Writing in Süddeutsche Zeitung, a major German daily newspaper, journalist Peter Baier sets the stage (in this translation): “From the outset the Canadian songwriter wins the favor of the audience and increases the expectations with her coloratural laugh. Allison Crowe plays the piano with a strong grip. Its sound fits perfectly to her slightly-smoky, expressive, in short: Great voice. Sometimes her playing recalls the keyboard-capers of Konstantin Wecker and then there are moments to bring to mind Modest Mussorgsky’s „Pictures at an Exhibition“.
(And in the original text: Bereits mit ihren ersten Ansagen gewinnt die kanadische Songwriterin mit eigenem Label die Gunst des Publikums, lässt mit ihrem Koloratur-Lachen die Erwartung auf Weiteres ansteigen.
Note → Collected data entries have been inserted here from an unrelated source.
lemma nonincreasing_if_deriv_nonpos:
  fixes f f' :: "real \<Rightarrow> real"
  assumes deriv: "\<And>t. t \<ge> 0 \<Longrightarrow> (f has_real_derivative f' t) (at t within {0..})"
    and nonpos: "\<And>t. t \<ge> 0 \<Longrightarrow> f' t \<le> 0" and "0 \<le> s" "s \<le> t"
  shows "f t \<le> f s"
proof (cases "s = t")
  case False
  then have st: "s < t" using assms by simp
  have "\<exists>z\<in>{s<..<t}. f t - f s = (\<lambda>h. f' z * h) (t - s)"
  proof (rule mvt_simple[OF st])
    fix z assume z: "s \<le> z" "z \<le> t"
    have "(f has_real_derivative f' z) (at z within {s..t})"
      by (rule DERIV_subset[OF deriv]) (use z assms(3) in auto)
    then show "(f has_derivative (\<lambda>h. f' z * h)) (at z within {s..t})"
      by (simp add: has_field_derivative_def)
  qed
  then obtain z where "z \<in> {s<..<t}" "f t - f s = (t - s) * f' z"
    by (auto simp: mult.commute)
  moreover have "(t - s) * f' z \<le> 0" if "z \<ge> 0"
    using nonpos[OF that] st by (simp add: mult_nonneg_nonpos)
  ultimately show ?thesis using assms(3) by auto
qed simp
Mit kräftigem Zugriff spielt Allison Crowe das Klavier, zu dessen Klang ihre leicht rauchige, ausducksstarke, kurz: große Stimme hervorragend passt. Manchmal erinnert ihr Spiel an die Tasten-Eskapaden eines Konstantin Wecker, dann wieder gibt es Momente, die an den Stil von Modest Mussorgsky's „Bilder einer Ausstellung“ denken lassen.)
“Amazing composition,” says another in the musician’s broadly international audience, “there is so much intellect in the music writing of Allison Crowe, which you don’t see anywhere these days, not from the new artists nor the established ones.”
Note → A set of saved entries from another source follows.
theorem mainTheorem3:
  shows "(\<forall>v \<in> trivializable_locus. \<exists>!x. smooth_pt x \<and> twist_trivial v x) \<and>
    (\<exists>q. (\<exists>i<6. q i \<noteq> 0) \<and>
       proj_closure trivializable_locus = {v. v \<noteq> 0 \<and> quad_form q v = 0} \<and>
       quad_form q (1, 0, 0) = 0 \<and> quad_form q (0, 1, 0) = 0 \<and> quad_form q (0, 0, 1) = 0)"
proof
  show "\<forall>v \<in> trivializable_locus. \<exists>!x. smooth_pt x \<and> twist_trivial v x"
  proof
    fix v assume "v \<in> trivializable_locus"
    then obtain x where x: "smooth_pt x \<and> twist_trivial v x" and "v \<in> MO"
      by (auto simp: trivializable_locus_def)
    obtain a b c where v: "v = (a, b, c)" by (cases v)
    show "\<exists>!x. smooth_pt x \<and> twist_trivial v x"
    proof (rule ex1I[of _ x])
      fix y assume "smooth_pt y \<and> twist_trivial v y"
      then show "y = x" using x \<open>v \<in> MO\<close> twist_trivial_point unfolding v by metis
    qed (rule x)
  qed
  show "\<exists>q. (\<exists>i<6. q i \<noteq> 0) \<and>
       proj_closure trivializable_locus = {v. v \<noteq> 0 \<and> quad_form q v = 0} \<and>
       quad_form q (1, 0, 0) = 0 \<and> quad_form q (0, 1, 0) = 0 \<and> quad_form q (0, 0, 1) = 0"
  proof (intro exI[of _ conic] conjI)
    show "\<exists>i<6. conic i \<noteq> 0" by (intro exI[of _ 3]) (simp add: conic_def)
  qed (simp_all add: proj_closure_trivializable_locus)
qed

end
It’s an intellect revealed in part via inspired musical choices and its energetic expression is visceral in nature. Energy flows from the performer on-stage to engulf concert-goers as well. Spontaneous eruptions - stomping feet, clapping hands, rhythmically pulsing bodies – accompany this song (a recent bootleg video from Jazzhaus Freiburg further testifies to this rocking reality).